Two basic assumptions
The numeric avalue associated with a particular outcome adequately reflects the worth of that outcome to all the players.
Each player is concerned with maximising their own outcome, without regard of the outcome for the other players.
(For this course unit, we assume that players are not allowed to pool their payoff and cooperate in affecting the outcome.)
A* Heuristic Search
Djikstra's Algorithm
The goal of this algorithm is to find the shortest path from a source to all the other nodes in the graph
Priority queue: implements a best first search, searching the nodes closest to the source first
Path representation: each node in the queue maintains properties of the current shortest path, its distance to the source and its parent
Relaxation: when a shorter path is found for a node in the priority queue, the distance and its parent is updated.
Properties
Completeness: If there is a path it will be found
Optimal: The algorithm finds the shortest path
Uninformed: Does not use any information one might have about the location of the target
Finding the shortest path: when a node is popped from the queue, the shortest path is found.
The A* algorithm is an informed and efficient way of finding shortest paths on graphs.
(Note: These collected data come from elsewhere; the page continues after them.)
lemma X_plus_1_power_two_power: "([:1, 1:] :: bit poly) ^ (2 ^ t) = 1 + monom 1 (2 ^ t)"
proof (induction t)
  case 0
  show ?case by (simp add: monom_Suc one_pCons)
next
  case (Suc t)
  have "([:1, 1:] :: bit poly) ^ (2 ^ Suc t) = (1 + monom 1 (2 ^ t)) ^ 2"
    by (simp flip: Suc.IH power_mult add: mult.commute)
  also have "\<dots> = 1 + monom 1 (2 ^ Suc t)"
    by (simp only: bit_poly_add_power2) (simp add: power2_eq_square mult_monom mult_2)
  finally show ?case .
qed

section \<open>Conjugating by the substitution x := x + 1\<close>

definition subst_X_plus_1 :: "bit poly \<Rightarrow> bit poly" where
  "subst_X_plus_1 f = f \<circ>\<^sub>p [:1, 1:]"

lemma subst_X_plus_1_involution [simp]: "subst_X_plus_1 (subst_X_plus_1 f) = f"
proof -
  have "[:1, 1:] \<circ>\<^sub>p [:1, 1:] = ([:0, 1:] :: bit poly)"
    by (simp add: pcompose_pCons one_pCons)
  thus ?thesis unfolding subst_X_plus_1_def by (simp flip: pcompose_assoc add: pcompose_idR)
qed

lemma subst_X_plus_1_eq_iff [simp]: "subst_X_plus_1 p = subst_X_plus_1 q \<longleftrightarrow> p = q"
  by (metis subst_X_plus_1_involution)

lemma subst_X_plus_1_const [simp]: "subst_X_plus_1 0 = 0" "subst_X_plus_1 1 = 1"
  by (simp_all add: subst_X_plus_1_def pcompose_1)

lemma subst_X_plus_1_eq_0_iff [simp]: "subst_X_plus_1 f = 0 \<longleftrightarrow> f = 0"
  using subst_X_plus_1_eq_iff[of f 0] by simp

lemma subst_X_plus_1_add: "subst_X_plus_1 (p + q) = subst_X_plus_1 p + subst_X_plus_1 q"
  by (simp add: subst_X_plus_1_def pcompose_add)

lemma subst_X_plus_1_mult: "subst_X_plus_1 (p * q) = subst_X_plus_1 p * subst_X_plus_1 q"
  by (simp add: subst_X_plus_1_def pcompose_mult)

lemma subst_X_plus_1_X [simp]: "subst_X_plus_1 [:0, 1:] = [:1, 1:]"
  by (simp add: subst_X_plus_1_def pcompose_pCons)

lemma subst_X_plus_1_X_plus_1 [simp]: "subst_X_plus_1 [:1, 1:] = [:0, 1:]"
  by (simp add: subst_X_plus_1_def pcompose_pCons one_pCons)

lemma degree_subst_X_plus_1 [simp]: "degree (subst_X_plus_1 f) = degree f"
  by (simp add: subst_X_plus_1_def degree_pcompose)

lemma coeff_0_subst_X_plus_1: "coeff (subst_X_plus_1 f) 0 = poly f 1"
  by (simp add: subst_X_plus_1_def poly_pcompose flip: poly_0_coeff_0)

definition pascal_step :: "'a::comm_ring_1 poly \<Rightarrow> 'a poly" where
  "pascal_step h = poly_shift 1 ([:1, 1:] * h)"

lemma coeff_pascal_step: "coeff (pascal_step h) i = coeff h i + coeff h (Suc i)"
  by (simp add: pascal_step_def coeff_poly_shift coeff_pCons)

text \<open>For \<open>h(0) = 1\<close> the constant term of \<open>(1 + x) h\<close> is 1, so \<open>((1 + x) h + 1) / x\<close> is
  \<open>pascal_step h\<close>.\<close>

definition T_conj :: "bit poly \<Rightarrow> bit poly" where
  "T_conj h = (if coeff h 0 = 0 then poly_shift 1 h else pascal_step h)"

lemma poly_shift_Suc_0_pCons [simp]: "poly_shift (Suc 0) (pCons a q) = q"
  by (rule poly_eqI) (simp add: coeff_poly_shift)

lemma X_plus_1_dvd: "poly (p :: bit poly) 1 = 0 \<Longrightarrow> [:1, 1:] dvd p"
  using poly_eq_0_iff_dvd[of p 1] by simp

lemma subst_X_plus_1_T_map: "subst_X_plus_1 (T_map f) = T_conj (subst_X_plus_1 f)"
proof (cases "poly f 1 = 0")
  case True
  then obtain q where q: "f = [:1, 1:] * q" using X_plus_1_dvd by blast
  have "T_map f = f div [:1, 1:]" unfolding T_map_def using True by simp
  also have "\<dots> = q" unfolding q by (rule nonzero_mult_div_cancel_left) simp
  finally have "T_map f = q" .
  moreover have "subst_X_plus_1 f = [:0, 1:] * subst_X_plus_1 q"
    by (simp only: q subst_X_plus_1_mult subst_X_plus_1_X_plus_1)
  ultimately show ?thesis using True by (simp add: T_conj_def coeff_0_subst_X_plus_1)
next
  case False
  then have "poly ([:0, 1:] * f + 1) 1 = 0" by simp
  then obtain q where q: "[:0, 1:] * f + 1 = [:1, 1:] * q" using X_plus_1_dvd by blast
  have "T_map f = ([:0, 1:] * f + 1) div [:1, 1:]" unfolding T_map_def using False by simp
  also have "\<dots> = q" unfolding q by (rule nonzero_mult_div_cancel_left) simp
  finally have "T_map f = q" .
  have "subst_X_plus_1 ([:0, 1:] * f + 1) = subst_X_plus_1 ([:1, 1:] * q)" by (simp only: q)
  then have q': "[:1, 1:] * subst_X_plus_1 f + 1 = [:0, 1:] * subst_X_plus_1 q"
    by (simp only: subst_X_plus_1_add subst_X_plus_1_mult subst_X_plus_1_X
        subst_X_plus_1_X_plus_1 subst_X_plus_1_const)
  have "pascal_step (subst_X_plus_1 f) = poly_shift 1 ([:1, 1:] * subst_X_plus_1 f + 1)"
    by (rule poly_eqI) (simp add: pascal_step_def coeff_poly_shift)
  also have "\<dots> = subst_X_plus_1 q" unfolding q' by simp
  finally show ?thesis using False \<open>T_map f = q\<close> by (simp add: T_conj_def coeff_0_subst_X_plus_1)
qed

lemma funpow_T_map_eq_1_iff:
  "(T_map ^^ k) f = 1 \<longleftrightarrow> (T_conj ^^ k) (subst_X_plus_1 f) = 1"
proof -
  have "subst_X_plus_1 ((T_map ^^ k) f) = (T_conj ^^ k) (subst_X_plus_1 f)"
    by (induction k) (simp_all add: subst_X_plus_1_T_map)
  then show ?thesis by (metis subst_X_plus_1_eq_iff subst_X_plus_1_const(2))
qed

section \<open>Pascal's triangle modulo 2\<close>

lemma coeff_X_plus_1_mult: "coeff ([:1, 1:] * p) (Suc n) = coeff p n + coeff p (Suc n)"
  for p :: "'a::comm_semiring_1 poly"
  by (simp add: coeff_pCons add.commute)

definition pascal :: "'a::comm_ring_1 poly \<Rightarrow> nat \<Rightarrow> nat \<Rightarrow> 'a" where
  "pascal g e c = coeff ([:1, 1:] ^ c * g) (e + c)"

lemma funpow_pascal_step: "(pascal_step ^^ c) h = poly_shift c ([:1, 1:] ^ c * h)"
proof (induction c)
  case 0
  show ?case by simp
next
  case (Suc c)
  show ?case
    by (rule poly_eqI)
       (simp add: Suc.IH coeff_pascal_step coeff_poly_shift coeff_X_plus_1_mult mult.assoc
         del: mult_pCons_left)
qed

lemma pascal_Suc_col: "pascal g e (Suc c) = pascal g e c + pascal g (Suc e) c"
  by (simp add: pascal_def coeff_X_plus_1_mult mult.assoc add.commute del: mult_pCons_left)

lemma pascal_Suc_row: "pascal g (Suc e) c = pascal g e c + pascal g e (Suc c)"
  for g :: "bit poly"
  by (simp only: pascal_Suc_col add.assoc[symmetric] bit_add_self add_0)

lemma degree_X_plus_1_power_mult:
  "g \<noteq> 0 \<Longrightarrow> degree ([:1, 1:] ^ c * g) = c + degree g" for g :: "'a::idom poly"
  by (simp add: degree_mult_eq degree_linear_power)

lemma pascal_above_degree: "degree g < e \<Longrightarrow> pascal g e c = 0" for g :: "'a::idom poly"
  by (cases "g = 0") (simp_all add: pascal_def coeff_eq_0 degree_X_plus_1_power_mult)

lemma pascal_degree_row: "pascal g (degree g) c = lead_coeff g" for g :: "'a::idom poly"
proof -
  have "lead_coeff ([:1, 1:] ^ c :: 'a poly) = 1" by (simp add: lead_coeff_power)
  then show ?thesis using coeff_mult_degree_sum[of "[:1, 1:] ^ c" g]
    by (simp add: pascal_def degree_linear_power add.commute)
qed

lemma pascal_add_period:
  fixes g :: "bit poly"
  assumes "degree g < 2 ^ t"
  shows "pascal g e (c + 2 ^ t) = pascal g e c"
proof -
  let ?h = "[:1, 1:] ^ c * g" and ?P = "2 ^ t :: nat"
  have "[:1, 1:] ^ (c + ?P) * g = (1 + monom 1 ?P) * ?h"
    by (simp only: power_add X_plus_1_power_two_power mult.commute mult.left_commute)
  then have "pascal g e (c + ?P) = coeff ((1 + monom 1 ?P) * ?h) (e + c + ?P)"
    by (simp only: pascal_def add.assoc)
  also have "\<dots> = coeff ?h (e + c + ?P) + coeff ?h (e + c)"
    by (simp add: distrib_right coeff_monom_mult)
  also have "coeff ?h (e + c + ?P) = 0"
    using assms by (cases "g = 0") (simp_all add: coeff_eq_0 degree_X_plus_1_power_mult)
  finally show ?thesis by (simp add: pascal_def)
qed

lemma pascal_mod_period:
  fixes g :: "bit poly"
  assumes "degree g < 2 ^ t"
  shows "pascal g e (c mod 2 ^ t) = pascal g e c"
proof -
  have "pascal g e (r + 2 ^ t * q) = pascal g e r" for r q
  proof (induction q)
    case (Suc q)
    have "r + 2 ^ t * Suc q = (r + 2 ^ t * q) + 2 ^ t" by simp
    with Suc.IH show ?case by (simp only: pascal_add_period[OF assms])
  qed simp
  from this[of "c mod 2 ^ t" "c div 2 ^ t"] show ?thesis by simp
qed

section \<open>Runs of ones\<close>

lemma run_triangle:
  fixes \<phi> :: "nat \<Rightarrow> nat \<Rightarrow> bit"
  assumes rec: "\<And>r c. \<phi> (Suc r) c = \<phi> r c + \<phi> r (Suc c)"
    and run: "\<And>j. j < k \<Longrightarrow> \<phi> e (a + j) = 1"
    and "i + j < k"
  shows "\<phi> (e + i) (a + j) = (if i = 0 then 1 else 0)"
  using \<open>i + j < k\<close>
proof (induction i arbitrary: j)
  case 0
  then show ?case using run by simp
next
  case (Suc i)
  have "\<phi> (e + Suc i) (a + j) = \<phi> (e + i) (a + j) + \<phi> (e + i) (a + Suc j)"
    using rec by simp
  also have "\<dots> = 0" using Suc.IH[of j] Suc.IH[of "Suc j"] Suc.prems by (simp add: bit_add_self)
  finally show ?case by simp
qed

lemma run_length_le:
  fixes \<phi> :: "nat \<Rightarrow> nat \<Rightarrow> bit"
  assumes rec: "\<And>r c. \<phi> (Suc r) c = \<phi> r c + \<phi> r (Suc c)"
    and top: "\<And>c. \<phi> d c = 1"
    and run: "\<And>j. j < k \<Longrightarrow> \<phi> e (a + j) = 1"
    and "e < d"
  shows "k \<le> d - e"
proof (rule ccontr)
  assume "\<not> k \<le> d - e"
  then have "\<phi> (e + (d - e)) (a + 0) = 0"
    using run_triangle[OF rec run, where i = "d - e" and j = 0] \<open>e < d\<close> by simp
  then show False using top[of a] \<open>e < d\<close> by simp
qed

lemma double_sum_diff_lessThan: "2 * (\<Sum>i<k. k - i) = k * (k + 1)" for k :: nat
proof (induction k)
  case (Suc k)
  have "(\<Sum>i<Suc k. Suc k - i) = Suc k + (\<Sum>i<k. k - i)"
    by (simp only: sum.lessThan_Suc_shift) simp
  then show ?case using Suc.IH by simp
qed simp

lemma double_card_triangle: "2 * card {(i, j). i + j < (k::nat)} = k * (k + 1)"
proof -
  have "{(i, j). i + j < k} = (SIGMA i:{..<k}. {..<k - i})" by auto
  then show ?thesis using double_sum_diff_lessThan[of k] by (simp add: card_SigmaI)
qed

lemma add_mod_cancel_left_less:
  fixes a i j P :: nat
  assumes "(a + i) mod P = (a + j) mod P" "i < P" "j < P"
  shows "i = j"
proof -
  have "P dvd j - i" if "i \<le> j" "(a + i) mod P = (a + j) mod P" for i j
    using that mod_eq_dvd_iff_nat[of "a + i" "a + j" P] by simp
  then show ?thesis using assms by (metis mod_nat_eqI nat_le_linear)
qed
Heuristics (rules which are applied because they are found to have worked by trial and error) are used to search game trees and make strong players
To take into account information about the location of a goal, we require a heurstic function: h(x) = estimated distance from node x to goal
Greedy Heuristic Search
Uses a heuristic approximation for the distance to the goal
Greedily searches, moving the the unvisited available state nearest to the goal, according to the heuristic
Properties
Not complete - may not find a path, even if it exists (can be made complete with backtracking)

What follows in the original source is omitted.